DATASET CONTENT:
lemma prod_interval_weight_outside:
  assumes "M \<ge> 1" "T \<subseteq> U" "finite T" "finite S" "\<not> (T \<subseteq> S \<and> S \<subseteq> U)"
  shows "prod (interval_weight T U M) S \<le> M ^ card T / M"
proof (cases "T \<subseteq> S")
  case False
  then have "card (S \<inter> T) < card T" using assms(3) by (intro psubset_card_mono) auto
  then have "M ^ card (S \<inter> T) * M \<le> M ^ card T"
    using assms(1) power_increasing[of "Suc (card (S \<inter> T))" "card T" M] by (simp add: mult.commute)
  moreover have "prod (interval_weight T U M) S * M \<le> M ^ card (S \<inter> T) * M"
    by (rule mult_right_mono[OF prod_interval_weight_le_inter[OF assms(1,4)]])
      (use assms(1) in linarith)
  ultimately have "prod (interval_weight T U M) S * M \<le> M ^ card T" by linarith
  then show ?thesis using assms(1) by (simp add: le_divide_eq)
next
  case True
  then obtain c where c: "c \<in> S" "c \<notin> U" using assms(5) by auto
  have "interval_weight T U M c = 1 / M"
    using c assms(2) by (auto simp: interval_weight_def)
  then have "prod (interval_weight T U M) S = (1 / M) * prod (interval_weight T U M) (S - {c})"
    using prod.remove[OF assms(4) c(1), of "interval_weight T U M"] by simp
  also have "\<dots> \<le> (1 / M) * M ^ card T"
    using prod_interval_weight_le[OF assms(1,3)] assms(1,4) by (intro mult_left_mono) auto
  finally show ?thesis by simp
qed

lemma genZ_interval_weight_ge:
  assumes "finite F" "\<forall>S\<in>Pow F. \<omega> S \<ge> 0" "M > 0" "T \<subseteq> S" "S \<subseteq> U" "S \<subseteq> F"
  shows "\<omega> S * M ^ card T \<le> genZ F \<omega> (interval_weight T U M)"
proof -
  have "\<forall>c\<in>F. interval_weight T U M c \<ge> 0"
    by (simp add: less_imp_le[OF interval_weight_pos[OF assms(3)]])
  then have "\<omega> S * prod (interval_weight T U M) S \<le> genZ F \<omega> (interval_weight T U M)"
    by (rule genZ_ge_term[OF assms(1,2) _ assms(6)])
  moreover have "prod (interval_weight T U M) S = M ^ card T"
    using assms(1,4-6) by (intro prod_interval_weight_between) (auto intro: finite_subset)
  ultimately show ?thesis by simp
qed

lemma genZ_interval_weight_le:
  assumes "finite F" "\<forall>S\<in>Pow F. \<omega> S \<ge> 0" "M \<ge> 1" "finite T"
  shows "genZ F \<omega> (interval_weight T U M) \<le> (\<Sum>S\<in>Pow F. \<omega> S) * M ^ card T"
  using assms by (intro genZ_le_mass prod_interval_weight_le) (auto intro: finite_subset)

lemma genZ_interval_weight_le_outside:
  assumes "finite F" "\<forall>S\<in>Pow F. \<omega> S \<ge> 0" "M \<ge> 1" "T \<subseteq> U" "finite T"
    and outside: "\<And>S. S \<subseteq> F \<Longrightarrow> \<omega> S \<noteq> 0 \<Longrightarrow> \<not> (T \<subseteq> S \<and> S \<subseteq> U)"
  shows "genZ F \<omega> (interval_weight T U M) \<le> (\<Sum>S\<in>Pow F. \<omega> S) * (M ^ card T / M)"
  using assms by (intro genZ_le_mass prod_interval_weight_outside) (auto intro: finite_subset)

lemma rayleigh_exchange_bound:
  assumes fin: "finite E" and nonneg: "\<forall>S\<in>Pow E. \<omega> S \<ge> 0" and ray: "rayleigh E \<omega>"
    and TU: "T \<subseteq> U" "U \<subseteq> E" and ef: "e \<in> U - T" "f \<in> U - T" "e \<noteq> f"
    and no_between: "\<And>S. T \<subseteq> S \<Longrightarrow> S \<subseteq> U \<Longrightarrow> e \<in> S \<Longrightarrow> f \<notin> S \<Longrightarrow> \<omega> S = 0"
    and M: "M \<ge> 1"
  defines "F \<equiv> E - {e} - {f}"
  shows "\<omega> T * \<omega> U * M
    \<le> (\<Sum>S\<in>Pow F. \<omega> (insert e S)) * (\<Sum>S\<in>Pow F. \<omega> (insert f S))"
proof -
  define y where "y = interval_weight T U M"
  define k where "k = M ^ card T"
  let ?A = "genZ F \<omega> y" and ?B = "genZ F (\<lambda>S. \<omega> (insert e S)) y"
    and ?C = "genZ F (\<lambda>S. \<omega> (insert f S)) y"
    and ?D = "genZ F (\<lambda>S. \<omega> (insert e (insert f S))) y"
  let ?K1 = "\<Sum>S\<in>Pow F. \<omega> (insert e S)" and ?K2 = "\<Sum>S\<in>Pow F. \<omega> (insert f S)"
  have finF: "finite F" and finT: "finite T"
    using fin TU unfolding F_def by (auto intro: finite_subset)
  have eE: "e \<in> E" "f \<in> E" using ef TU by auto
  have M_pos: "M > 0" and k_pos: "k > 0" using M unfolding k_def by auto
  have nonneg_F: "\<forall>S\<in>Pow F. \<omega> S \<ge> 0" "\<forall>S\<in>Pow F. \<omega> (insert e S) \<ge> 0"
    "\<forall>S\<in>Pow F. \<omega> (insert f S) \<ge> 0" "\<forall>S\<in>Pow F. \<omega> (insert e (insert f S)) \<ge> 0"
    using nonneg eE unfolding F_def by auto
  have "T \<subseteq> F" using TU ef unfolding F_def by auto
  then have A: "\<omega> T * k \<le> ?A"
    unfolding y_def k_def
    by (rule genZ_interval_weight_ge[OF finF nonneg_F(1) M_pos subset_refl TU(1)])
  have D: "\<omega> U * k \<le> ?D"
  proof -
    have "insert e (insert f (U - {e} - {f})) = U" using ef by auto
    then show ?thesis
      using genZ_interval_weight_ge[OF finF nonneg_F(4) M_pos, of T "U - {e} - {f}" U] TU ef
      unfolding y_def k_def F_def by auto
  qed
  have B: "?B \<le> ?K1 * (k / M)"
    unfolding y_def k_def
  proof (rule genZ_interval_weight_le_outside[OF finF nonneg_F(2) M TU(1) finT])
    fix S assume "S \<subseteq> F" "\<omega> (insert e S) \<noteq> 0"
    then show "\<not> (T \<subseteq> S \<and> S \<subseteq> U)"
      using no_between[of "insert e S"] ef unfolding F_def by auto
  qed
  have C: "?C \<le> ?K2 * k"
    unfolding y_def k_def by (rule genZ_interval_weight_le[OF finF nonneg_F(3) M finT])
  have y_pos: "\<forall>c\<in>E. y c > 0" unfolding y_def by (simp add: interval_weight_pos[OF M_pos])
  have y_nonneg: "\<forall>c\<in>F. y c \<ge> 0"
    unfolding y_def by (simp add: less_imp_le[OF interval_weight_pos[OF M_pos]])
  have "0 \<le> \<omega> T" "0 \<le> \<omega> U" using nonneg TU by auto
  then have "0 \<le> \<omega> T * k" "0 \<le> \<omega> U * k" using k_pos by simp_all
  then have "\<omega> T * k * (\<omega> U * k) \<le> ?A * ?D"
    using A by (intro mult_mono[OF A D]) simp_all
  also have "\<dots> \<le> ?B * ?C"
    using rayleigh_contraction_ineq[OF fin ray eE ef(3) y_pos] by (simp only: F_def)
  also have "\<dots> \<le> ?K1 * (k / M) * (?K2 * k)"
  proof (rule mult_mono[OF B C])
    have "0 \<le> ?K1" using nonneg_F(2) by (intro sum_nonneg) blast
    then show "0 \<le> ?K1 * (k / M)" using k_pos M_pos by simp
    show "0 \<le> ?C" by (rule genZ_nonneg[OF nonneg_F(3) y_nonneg])
  qed
  finally have "(\<omega> T * \<omega> U * M) * (k * k) \<le> (?K1 * ?K2) * (k * k)"
    using M_pos by (simp add: field_simps)
  then show ?thesis using k_pos by simp
qed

WHAT NEEDS TO BE DONE: For the listing above, print only the lines starting at the line containing "unfolding y_def k_def F_def by auto" and ending at the line containing "unfolding y_def k_def by", exactly, both included.

TASK ANSWER:
      unfolding y_def k_def F_def by auto
  qed
  have B: "?B \<le> ?K1 * (k / M)"
    unfolding y_def k_def
  proof (rule genZ_interval_weight_le_outside[OF finF nonneg_F(2) M TU(1) finT])
    fix S assume "S \<subseteq> F" "\<omega> (insert e S) \<noteq> 0"
    then show "\<not> (T \<subseteq> S \<and> S \<subseteq> U)"
      using no_between[of "insert e S"] ef unfolding F_def by auto
  qed
  have C: "?C \<le> ?K2 * k"
    unfolding y_def k_def by (rule genZ_interval_weight_le[OF finF nonneg_F(3) M finT])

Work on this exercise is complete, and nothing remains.